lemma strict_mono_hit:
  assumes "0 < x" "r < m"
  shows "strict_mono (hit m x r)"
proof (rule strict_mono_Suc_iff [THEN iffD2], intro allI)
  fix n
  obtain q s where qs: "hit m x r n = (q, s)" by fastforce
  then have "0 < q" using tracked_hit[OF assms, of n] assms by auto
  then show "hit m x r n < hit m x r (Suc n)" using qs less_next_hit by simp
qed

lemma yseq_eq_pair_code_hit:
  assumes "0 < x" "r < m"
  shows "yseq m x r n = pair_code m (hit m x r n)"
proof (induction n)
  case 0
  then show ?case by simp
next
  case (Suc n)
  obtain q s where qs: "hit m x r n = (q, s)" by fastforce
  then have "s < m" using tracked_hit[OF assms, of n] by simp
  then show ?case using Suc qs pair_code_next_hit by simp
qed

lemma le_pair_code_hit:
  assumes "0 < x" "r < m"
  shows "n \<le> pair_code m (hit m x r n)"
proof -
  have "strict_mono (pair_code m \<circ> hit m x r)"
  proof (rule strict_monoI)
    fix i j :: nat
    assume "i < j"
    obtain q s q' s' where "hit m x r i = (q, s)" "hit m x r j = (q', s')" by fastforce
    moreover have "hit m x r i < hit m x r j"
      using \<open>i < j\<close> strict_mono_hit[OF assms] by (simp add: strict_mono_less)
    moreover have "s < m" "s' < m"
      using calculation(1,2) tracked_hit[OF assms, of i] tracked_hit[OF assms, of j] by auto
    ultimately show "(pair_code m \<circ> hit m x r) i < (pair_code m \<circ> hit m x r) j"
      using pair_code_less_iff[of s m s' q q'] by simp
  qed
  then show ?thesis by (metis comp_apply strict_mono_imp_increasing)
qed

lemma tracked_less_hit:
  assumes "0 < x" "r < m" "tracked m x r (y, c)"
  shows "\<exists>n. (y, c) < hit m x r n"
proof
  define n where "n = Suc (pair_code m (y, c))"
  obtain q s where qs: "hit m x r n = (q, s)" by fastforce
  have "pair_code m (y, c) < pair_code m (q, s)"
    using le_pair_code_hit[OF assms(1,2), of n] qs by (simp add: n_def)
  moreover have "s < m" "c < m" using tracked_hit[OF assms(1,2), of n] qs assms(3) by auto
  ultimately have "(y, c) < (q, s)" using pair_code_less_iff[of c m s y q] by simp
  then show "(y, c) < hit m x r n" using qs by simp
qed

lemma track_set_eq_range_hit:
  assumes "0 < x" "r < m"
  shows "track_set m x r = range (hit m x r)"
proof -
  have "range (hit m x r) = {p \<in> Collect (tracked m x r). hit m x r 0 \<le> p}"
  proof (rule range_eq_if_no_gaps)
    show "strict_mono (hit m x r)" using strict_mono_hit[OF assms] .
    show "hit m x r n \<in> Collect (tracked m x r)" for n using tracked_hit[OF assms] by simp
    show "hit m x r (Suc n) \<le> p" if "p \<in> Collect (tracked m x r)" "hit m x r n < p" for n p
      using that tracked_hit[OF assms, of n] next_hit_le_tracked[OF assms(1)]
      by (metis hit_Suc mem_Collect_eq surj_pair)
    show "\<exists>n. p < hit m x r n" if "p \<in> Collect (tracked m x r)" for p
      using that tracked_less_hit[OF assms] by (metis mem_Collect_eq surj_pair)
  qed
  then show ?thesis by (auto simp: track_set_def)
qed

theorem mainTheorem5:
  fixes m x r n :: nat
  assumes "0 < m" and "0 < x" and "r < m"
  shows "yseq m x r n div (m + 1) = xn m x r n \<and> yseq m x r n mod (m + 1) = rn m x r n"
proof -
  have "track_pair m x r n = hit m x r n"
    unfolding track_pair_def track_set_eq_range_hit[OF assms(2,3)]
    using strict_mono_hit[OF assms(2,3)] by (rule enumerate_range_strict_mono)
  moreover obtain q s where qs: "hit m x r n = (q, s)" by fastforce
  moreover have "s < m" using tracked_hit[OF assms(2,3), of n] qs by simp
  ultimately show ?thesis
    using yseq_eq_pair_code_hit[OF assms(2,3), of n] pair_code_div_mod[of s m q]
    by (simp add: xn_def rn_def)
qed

--------------------

About this exercise:
Retype everything in the material above exactly.

Task response:
lemma strict_mono_hit:
  assumes "0 < x" "r < m"
  shows "strict_mono (hit m x r)"
proof (rule strict_mono_Suc_iff [THEN iffD2], intro allI)
  fix n
  obtain q s where qs: "hit m x r n = (q, s)" by fastforce
  then have "0 < q" using tracked_hit[OF assms, of n] assms by auto
  then show "hit m x r n < hit m x r (Suc n)" using qs less_next_hit by simp
qed

lemma yseq_eq_pair_code_hit:
  assumes "0 < x" "r < m"
  shows "yseq m x r n = pair_code m (hit m x r n)"
proof (induction n)
  case 0
  then show ?case by simp
next
  case (Suc n)
  obtain q s where qs: "hit m x r n = (q, s)" by fastforce
  then have "s < m" using tracked_hit[OF assms, of n] by simp
  then show ?case using Suc qs pair_code_next_hit by simp
qed

lemma le_pair_code_hit:
  assumes "0 < x" "r < m"
  shows "n \<le> pair_code m (hit m x r n)"
proof -
  have "strict_mono (pair_code m \<circ> hit m x r)"
  proof (rule strict_monoI)
    fix i j :: nat
    assume "i < j"
    obtain q s q' s' where "hit m x r i = (q, s)" "hit m x r j = (q', s')" by fastforce
    moreover have "hit m x r i < hit m x r j"
      using \<open>i < j\<close> strict_mono_hit[OF assms] by (simp add: strict_mono_less)
    moreover have "s < m" "s' < m"
      using calculation(1,2) tracked_hit[OF assms, of i] tracked_hit[OF assms, of j] by auto
    ultimately show "(pair_code m \<circ> hit m x r) i < (pair_code m \<circ> hit m x r) j"
      using pair_code_less_iff[of s m s' q q'] by simp
  qed
  then show ?thesis by (metis comp_apply strict_mono_imp_increasing)
qed

lemma tracked_less_hit:
  assumes "0 < x" "r < m" "tracked m x r (y, c)"
  shows "\<exists>n. (y, c) < hit m x r n"
proof
  define n where "n = Suc (pair_code m (y, c))"
  obtain q s where qs: "hit m x r n = (q, s)" by fastforce
  have "pair_code m (y, c) < pair_code m (q, s)"
    using le_pair_code_hit[OF assms(1,2), of n] qs by (simp add: n_def)
  moreover have "s < m" "c < m" using tracked_hit[OF assms(1,2), of n] qs assms(3) by auto
  ultimately have "(y, c) < (q, s)" using pair_code_less_iff[of c m s y q] by simp
  then show "(y, c) < hit m x r n" using qs by simp
qed

lemma track_set_eq_range_hit:
  assumes "0 < x" "r < m"
  shows "track_set m x r = range (hit m x r)"
proof -
  have "range (hit m x r) = {p \<in> Collect (tracked m x r). hit m x r 0 \<le> p}"
  proof (rule range_eq_if_no_gaps)
    show "strict_mono (hit m x r)" using strict_mono_hit[OF assms] .
    show "hit m x r n \<in> Collect (tracked m x r)" for n using tracked_hit[OF assms] by simp
    show "hit m x r (Suc n) \<le> p" if "p \<in> Collect (tracked m x r)" "hit m x r n < p" for n p
      using that tracked_hit[OF assms, of n] next_hit_le_tracked[OF assms(1)]
      by (metis hit_Suc mem_Collect_eq surj_pair)
    show "\<exists>n. p < hit m x r n" if "p \<in> Collect (tracked m x r)" for p
      using that tracked_less_hit[OF assms] by (metis mem_Collect_eq surj_pair)
  qed
  then show ?thesis by (auto simp: track_set_def)
qed

theorem mainTheorem5:
  fixes m x r n :: nat
  assumes "0 < m" and "0 < x" and "r < m"
  shows "yseq m x r n div (m + 1) = xn m x r n \<and> yseq m x r n mod (m + 1) = rn m x r n"
proof -
  have "track_pair m x r n = hit m x r n"
    unfolding track_pair_def track_set_eq_range_hit[OF assms(2,3)]
    using strict_mono_hit[OF assms(2,3)] by (rule enumerate_range_strict_mono)
  moreover obtain q s where qs: "hit m x r n = (q, s)" by fastforce
  moreover have "s < m" using tracked_hit[OF assms(2,3), of n] qs by simp
  ultimately show ?thesis
    using yseq_eq_pair_code_hit[OF assms(2,3), of n] pair_code_div_mod[of s m q]
    by (simp add: xn_def rn_def)
qed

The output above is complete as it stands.